The number of wikis with higher content translation deletion ratios decreased by 1 from July 2020 to December 2020 to January 2021 to June 2021.

We next compared the two lists of wikis to confirm if most of the wikis with higher deletion rates were the same across each quarter.

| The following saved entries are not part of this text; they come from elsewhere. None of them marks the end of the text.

lemma card_graphs_with_verts:
  assumes "finite V" shows "card {F \<in> W. verts F = V} \<le> 2 ^ 2 ^ card V"
proof -
  have "{F \<in> W. verts F = V} \<subseteq> Pow (Pow V)" unfolding verts_def by blast
  then have "card {F \<in> W. verts F = V} \<le> card (Pow (Pow V))"
    using assms by (intro card_mono) auto
  then show ?thesis using assms by (simp add: card_Pow)
qed

lemma sum_inverse_power_card_le:
  assumes "1 \<le> n"
  shows "(\<Sum>V\<in>{V. V \<subseteq> {0..<n} \<and> card V \<le> M}. inverse (real n ^ card V)) \<le> real M + 1"
proof -
  let ?VV = "{V. V \<subseteq> {0..<n} \<and> card V \<le> M}"
  have "finite ?VV" by (rule finite_subset[of _ "Pow {0..<n}"]) auto
  then have "(\<Sum>V\<in>?VV. inverse (real n ^ card V))
      = (\<Sum>v\<le>M. \<Sum>V\<in>{V \<in> ?VV. card V = v}. inverse (real n ^ card V))"
    by (intro sum.group[symmetric]) auto
  also have "\<dots> \<le> (\<Sum>v\<le>M. 1)"
  proof (rule sum_mono)
    fix v assume "v \<in> {..M}"
    then have "{V \<in> ?VV. card V = v} = {V. V \<subseteq> {0..<n} \<and> card V = v}" by auto
    then have "card {V \<in> ?VV. card V = v} = n choose v" by (simp add: n_subsets)
    also have "\<dots> \<le> n ^ v" by (cases "v \<le> n") (simp_all add: binomial_le_pow binomial_eq_0)
    finally have "real (card {V \<in> ?VV. card V = v}) \<le> real (n ^ v)" by (simp only: of_nat_le_iff)
    then show "(\<Sum>V\<in>{V \<in> ?VV. card V = v}. inverse (real n ^ card V)) \<le> 1"
      using assms by (simp add: field_simps)
  qed
  finally show ?thesis by simp
qed
(* Let $\mathcal X$ and $\mathcal U$ be finite nonempty sets, $f:\mathcal X\times\mathcal U\to\mathcal X$, and $\ell_1,\ell_2:\mathcal X\to\mathbb R$. Define, for $x\in\mathcal X$, $V_{\mathrm{R}i}^*(x)=\max_{\pi\in\Pi}\max_{\tau\in\mathbb N}\ell_i(\xi_x^\pi(\tau))$ for $i=1,2$, $$\hat\ell(x)=\max\big\{\min\{\ell_1(x),V_{\mathrm{R}2}^*(x)\},\ \min\{V_{\mathrm{R}1}^*(x),\ell_2(x)\}\big\},\qquad \tilde V_{\mathrm R}^*(x)=\max_{\pi\in\Pi}\max_{\tau\in\mathbb N}\hat\ell(\xi_x^\pi(\tau)).$$ Then for every $x\in\mathcal X$, $$\max_{\bar\pi\in\overline\Pi}\min\Big\{\max_{\tau\in\mathbb N}\ell_1(\bar\xi_x^{\bar\pi}(\tau)),\max_{\tau\in\mathbb N}\ell_2(\bar\xi_x^{\bar\pi}(\tau))\Big\}=\max_{\mathbf u\in\mathbb U}\min\Big\{\max_{\tau\in\mathbb N}\ell_1(\xi_x^{\mathbf u}(\tau)),\max_{\tau\in\mathbb N}\ell_2(\xi_x^{\mathbf u}(\tau))\Big\}=\tilde V_{\mathrm R}^*(x).$$
   Context: $\mathbb N=\{0,1,2,\dots\}$. $\Pi$ is the set of maps $\pi:\mathcal X\to\mathcal U$ and $\mathbb U$ the set of action sequences $\mathbf u:\mathbb N\to\mathcal U$. For $x\in\mathcal X$ and $\pi\in\Pi$, $\xi_x^\pi(0)=x$, $\xi_x^\pi(t+1)=f(\xi_x^\pi(t),\pi(\xi_x^\pi(t)))$; for $\mathbf u\in\mathbb U$, $\xi_x^{\mathbf u}(0)=x$, $\xi_x^{\mathbf u}(t+1)=f(\xi_x^{\mathbf u}(t),\mathbf u(t))$. Let $\mathcal Y=\{\ell_1(x):x\in\mathcal X\}$, $\mathcal Z=\{\ell_2(x):x\in\mathcal X\}$, and $\overline\Pi$ the set of augmented policies $\bar\pi:\mathcal X\times\mathcal Y\times\mathcal Z\to\mathcal U$. The augmented trajectory is defined by $\bar\xi_x^{\bar\pi}(0)=x$, $\bar y_x^{\bar\pi}(0)=\ell_1(x)$, $\bar z_x^{\bar\pi}(0)=\ell_2(x)$, $\bar\xi_x^{\bar\pi}(t+1)=f\big(\bar\xi_x^{\bar\pi}(t),\bar\pi(\bar\xi_x^{\bar\pi}(t),\bar y_x^{\bar\pi}(t),\bar z_x^{\bar\pi}(t))\big)$, $\bar y_x^{\bar\pi}(t+1)=\max\{\ell_1(\bar\xi_x^{\bar\pi}(t+1)),\bar y_x^{\bar\pi}(t)\}$, $\bar z_x^{\bar\pi}(t+1)=\max\{\ell_2(\bar\xi_x^{\bar\pi}(t+1)),\bar z_x^{\bar\pi}(t)\}$. *)

theory Defs
  imports Complex_Main
begin

fun traj_pol :: "('x \<Rightarrow> 'u \<Rightarrow> 'x) \<Rightarrow> ('x \<Rightarrow> 'u) \<Rightarrow> 'x \<Rightarrow> nat \<Rightarrow> 'x" where
  "traj_pol f pol x 0 = x"
| "traj_pol f pol x (Suc t) = f (traj_pol f pol x t) (pol (traj_pol f pol x t))"

fun traj_seq :: "('x \<Rightarrow> 'u \<Rightarrow> 'x) \<Rightarrow> (nat \<Rightarrow> 'u) \<Rightarrow> 'x \<Rightarrow> nat \<Rightarrow> 'x" where
  "traj_seq f u x 0 = x"
| "traj_seq f u x (Suc t) = f (traj_seq f u x t) (u t)"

## How many wikis had higher deletion ratios for cx translated articles both quarters?

In [296]:
cx_deletion_higher_list_previous <- cx_deletion_ratio_bywiki_previous   %>%
    filter(deletion_ratio_diff < 0) %>%
    arrange(deletion_ratio_diff)

cx_deletion_higher_list_previous

wiki,created_cx,created_non_cx,deleted_cx,deleted_non_cx,deleted_cx_ratio,deleted_non_cx_ratio,deletion_ratio_diff
<chr>,<int>,<int>,<int>,<int>,<dbl>,<dbl>,<dbl>
fywiki,17,1755,14,65,0.82352941,0.037037037,-0.786492375
hawwiki,42,132,31,24,0.73809524,0.181818182,-0.556277056
ltwiki,59,3337,28,644,0.47457627,0.192987714,-0.281588558
iswiki,26,2000,7,155,0.26923077,0.0775,-0.191730769
lawiki,48,2979,9,158,0.1875,0.053037932,-0.134462068
hywiki,159,33338,22,1080,0.13836478,0.032395465,-0.105969315
azwiki,206,29671,29,1885,0.1407767,0.063530046,-0.077246653
arywiki,63,2443,5,50,0.07936508,0.020466639,-0.05889844
mywiki,313,6698,37,439,0.11821086,0.065541953,-0.05266891
cywiki,122,1451,13,85,0.10655738,0.058580289,-0.047977088


In [294]:
intersect(cx_deletion_higher_list_current[1], cx_deletion_higher_list_previous[1])

wiki
<chr>
hawwiki
iswiki
kuwiki
arywiki
arzwiki
fiwiki
lawiki
eowiki


There were 8 wikis that had higher deletion ratios for content translated articles both quarters.